======== Given data ========

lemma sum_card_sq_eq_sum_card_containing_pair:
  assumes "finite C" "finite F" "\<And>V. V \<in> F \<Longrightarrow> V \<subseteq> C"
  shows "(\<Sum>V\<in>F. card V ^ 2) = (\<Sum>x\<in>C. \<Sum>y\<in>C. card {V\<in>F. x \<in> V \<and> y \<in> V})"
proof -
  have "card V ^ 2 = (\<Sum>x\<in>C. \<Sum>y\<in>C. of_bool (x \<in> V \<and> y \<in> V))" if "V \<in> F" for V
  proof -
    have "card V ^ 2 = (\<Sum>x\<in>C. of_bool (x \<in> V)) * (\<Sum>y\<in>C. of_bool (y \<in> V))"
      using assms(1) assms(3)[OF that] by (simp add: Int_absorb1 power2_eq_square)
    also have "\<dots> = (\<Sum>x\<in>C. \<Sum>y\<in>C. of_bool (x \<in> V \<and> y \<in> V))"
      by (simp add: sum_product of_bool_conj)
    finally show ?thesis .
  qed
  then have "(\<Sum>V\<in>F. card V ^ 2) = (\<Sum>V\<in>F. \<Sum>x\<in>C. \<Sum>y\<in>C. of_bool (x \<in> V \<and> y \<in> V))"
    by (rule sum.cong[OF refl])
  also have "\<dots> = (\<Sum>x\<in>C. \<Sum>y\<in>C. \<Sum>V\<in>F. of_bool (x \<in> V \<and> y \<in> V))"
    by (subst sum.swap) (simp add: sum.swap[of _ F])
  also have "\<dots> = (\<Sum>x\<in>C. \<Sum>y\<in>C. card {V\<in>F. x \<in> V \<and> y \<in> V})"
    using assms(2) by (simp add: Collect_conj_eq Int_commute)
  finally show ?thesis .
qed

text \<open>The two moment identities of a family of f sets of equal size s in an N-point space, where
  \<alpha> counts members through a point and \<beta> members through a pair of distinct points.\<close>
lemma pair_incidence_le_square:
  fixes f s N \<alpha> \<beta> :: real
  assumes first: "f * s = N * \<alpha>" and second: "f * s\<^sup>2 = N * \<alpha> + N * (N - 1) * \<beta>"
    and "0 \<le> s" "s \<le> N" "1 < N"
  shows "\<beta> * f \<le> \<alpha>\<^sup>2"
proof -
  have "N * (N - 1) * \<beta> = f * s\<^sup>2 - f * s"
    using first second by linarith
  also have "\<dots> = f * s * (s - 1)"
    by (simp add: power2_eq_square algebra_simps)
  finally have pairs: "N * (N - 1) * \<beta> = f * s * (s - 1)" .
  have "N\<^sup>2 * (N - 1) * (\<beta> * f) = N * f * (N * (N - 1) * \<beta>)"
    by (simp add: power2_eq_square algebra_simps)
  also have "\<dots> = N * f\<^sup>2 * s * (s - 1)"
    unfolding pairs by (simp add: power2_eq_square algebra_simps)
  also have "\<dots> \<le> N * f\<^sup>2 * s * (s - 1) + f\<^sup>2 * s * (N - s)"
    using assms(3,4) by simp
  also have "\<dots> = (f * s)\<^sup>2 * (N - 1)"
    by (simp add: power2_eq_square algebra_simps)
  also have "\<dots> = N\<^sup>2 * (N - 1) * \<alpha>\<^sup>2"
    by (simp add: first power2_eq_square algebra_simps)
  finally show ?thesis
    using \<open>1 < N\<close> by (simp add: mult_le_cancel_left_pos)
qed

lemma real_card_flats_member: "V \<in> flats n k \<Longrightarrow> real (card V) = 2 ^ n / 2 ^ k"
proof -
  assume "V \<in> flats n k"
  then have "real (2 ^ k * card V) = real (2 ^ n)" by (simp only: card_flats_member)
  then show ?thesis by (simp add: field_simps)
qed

========
======== Given data ========

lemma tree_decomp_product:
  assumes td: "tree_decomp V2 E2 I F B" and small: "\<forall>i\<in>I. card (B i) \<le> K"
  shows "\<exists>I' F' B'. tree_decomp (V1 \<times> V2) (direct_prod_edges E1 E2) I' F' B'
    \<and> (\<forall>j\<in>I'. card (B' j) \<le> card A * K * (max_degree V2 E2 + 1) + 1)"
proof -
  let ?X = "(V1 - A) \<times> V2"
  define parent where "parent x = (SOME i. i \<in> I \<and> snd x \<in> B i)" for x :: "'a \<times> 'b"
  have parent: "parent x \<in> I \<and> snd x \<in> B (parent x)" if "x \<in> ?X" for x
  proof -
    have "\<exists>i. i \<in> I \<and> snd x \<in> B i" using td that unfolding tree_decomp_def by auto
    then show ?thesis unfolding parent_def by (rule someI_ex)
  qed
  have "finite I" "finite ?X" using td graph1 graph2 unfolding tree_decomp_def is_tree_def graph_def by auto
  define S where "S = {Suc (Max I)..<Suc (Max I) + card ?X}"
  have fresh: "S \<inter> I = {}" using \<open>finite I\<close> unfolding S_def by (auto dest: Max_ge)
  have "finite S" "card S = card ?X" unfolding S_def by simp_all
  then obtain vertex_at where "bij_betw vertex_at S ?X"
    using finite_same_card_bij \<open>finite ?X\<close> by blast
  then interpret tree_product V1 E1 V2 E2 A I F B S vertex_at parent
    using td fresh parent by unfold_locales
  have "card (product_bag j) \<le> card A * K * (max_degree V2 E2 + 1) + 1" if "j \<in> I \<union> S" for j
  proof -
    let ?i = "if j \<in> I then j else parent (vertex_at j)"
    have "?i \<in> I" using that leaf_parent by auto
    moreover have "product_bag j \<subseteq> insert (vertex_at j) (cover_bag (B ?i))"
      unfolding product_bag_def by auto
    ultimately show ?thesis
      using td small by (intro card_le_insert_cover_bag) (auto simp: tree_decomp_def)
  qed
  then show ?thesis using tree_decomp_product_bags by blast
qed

========

Problem | Return each line from the records that includes the word "thesis".

Output |
    finally show ?thesis .
  finally show ?thesis .
  finally show ?thesis
  then show ?thesis by (simp add: field_simps)
    then show ?thesis unfolding parent_def by (rule someI_ex)
    ultimately show ?thesis
  then show ?thesis using tree_decomp_product_bags by blast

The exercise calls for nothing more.